Hejre. Silenzio!
Stensg. Era proprio un picchio. La riunione, che cominciava ad animarsi, divenne ben presto rumorosa, quando tutti ebbero trovato un personaggio al quale dirigere il loro cinguettìo: si strinsero gli uni vicini agli altri, e cip, cip, cip, si misero a cinguettare con quanto fiato aveano in gola: tosto il giovane cuculo si unì a loro, e l’allegro coro seguitò per un pezzo.
Fieldbo (piano a Stensgard). Ma in nome di Dio, smetti!
Stensg. Ma il personaggio di cui si trattava era un’aquila che aveva scelto a sua pacifica dimora una roccia solitaria. Tutti l’avevano contro di lui: «È il terrore del vicinato» diceva un brutto corvo.... Ma in quel momento l’aquila, dall’alto del suo eremo, spiccò un volo maestoso, discese nella valle, e, preso il giovane cuculo, se lo portò con sè nel suo dominio.
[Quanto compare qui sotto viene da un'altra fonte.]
lemma eventually_folner:
  "eventually P (folner G) \<longleftrightarrow>
     (\<exists>ts N. set ts \<subseteq> G \<and> (\<forall>ss n. set ts \<subseteq> set ss \<and> set ss \<subseteq> G \<and> N \<le> n \<longrightarrow> P (ss, n)))"
  unfolding folner_def
proof (rule eventually_Abs_filter, rule is_filter.intro)
  show "\<exists>ts N. set ts \<subseteq> G \<and> (\<forall>ss n. set ts \<subseteq> set ss \<and> set ss \<subseteq> G \<and> N \<le> n \<longrightarrow> True)"
    by (intro exI[of _ "[]"]) simp
next
  fix P Q :: "real list \<times> nat \<Rightarrow> bool"
  assume "\<exists>ts N. set ts \<subseteq> G \<and> (\<forall>ss n. set ts \<subseteq> set ss \<and> set ss \<subseteq> G \<and> N \<le> n \<longrightarrow> P (ss, n))"
    and "\<exists>ts N. set ts \<subseteq> G \<and> (\<forall>ss n. set ts \<subseteq> set ss \<and> set ss \<subseteq> G \<and> N \<le> n \<longrightarrow> Q (ss, n))"
  then obtain ts N ts' N' where
    "set ts \<subseteq> G" "\<forall>ss n. set ts \<subseteq> set ss \<and> set ss \<subseteq> G \<and> N \<le> n \<longrightarrow> P (ss, n)"
    "set ts' \<subseteq> G" "\<forall>ss n. set ts' \<subseteq> set ss \<and> set ss \<subseteq> G \<and> N' \<le> n \<longrightarrow> Q (ss, n)"
    by blast
  then show "\<exists>ts N. set ts \<subseteq> G \<and> (\<forall>ss n. set ts \<subseteq> set ss \<and> set ss \<subseteq> G \<and> N \<le> n \<longrightarrow> P (ss, n) \<and> Q (ss, n))"
    by (intro exI[of _ "ts @ ts'"] exI[of _ "max N N'"]) auto
next
  fix P Q :: "real list \<times> nat \<Rightarrow> bool"
  assume "\<forall>j. P j \<longrightarrow> Q j"
    and "\<exists>ts N. set ts \<subseteq> G \<and> (\<forall>ss n. set ts \<subseteq> set ss \<and> set ss \<subseteq> G \<and> N \<le> n \<longrightarrow> P (ss, n))"
  then show "\<exists>ts N. set ts \<subseteq> G \<and> (\<forall>ss n. set ts \<subseteq> set ss \<and> set ss \<subseteq> G \<and> N \<le> n \<longrightarrow> Q (ss, n))"
    by meson
qed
Lievemente l’uccellino fortunato volò dalla pianura meschina a quell’altezza dov’è la pace, dov’è il sole; e di lassù imparò a disprezzare il chiocciar dei pollai, e le terre infruttuose.
Fieldbo. Conclusione, conclusione, musica!
Bratsb. Silenzio! Non interrompete!
Stensg. (a Bratsberg). Signore, la mia storia è finita; e davanti a questa eletta società, vi porgo le mie scuse per l’incidente di ieri sera.
Bratsb. (facendo un passo indietro) A me?
Stensg. E i miei ringraziamenti per la nobile maniera con cui vi siete vendicato. Signore, signori, un evviva a Sua Eccellenza il ciambellano Bratsberg!
Bratsb. (vacilla e s’appoggia alla tavola). Vi ringrazio, signor avvocato.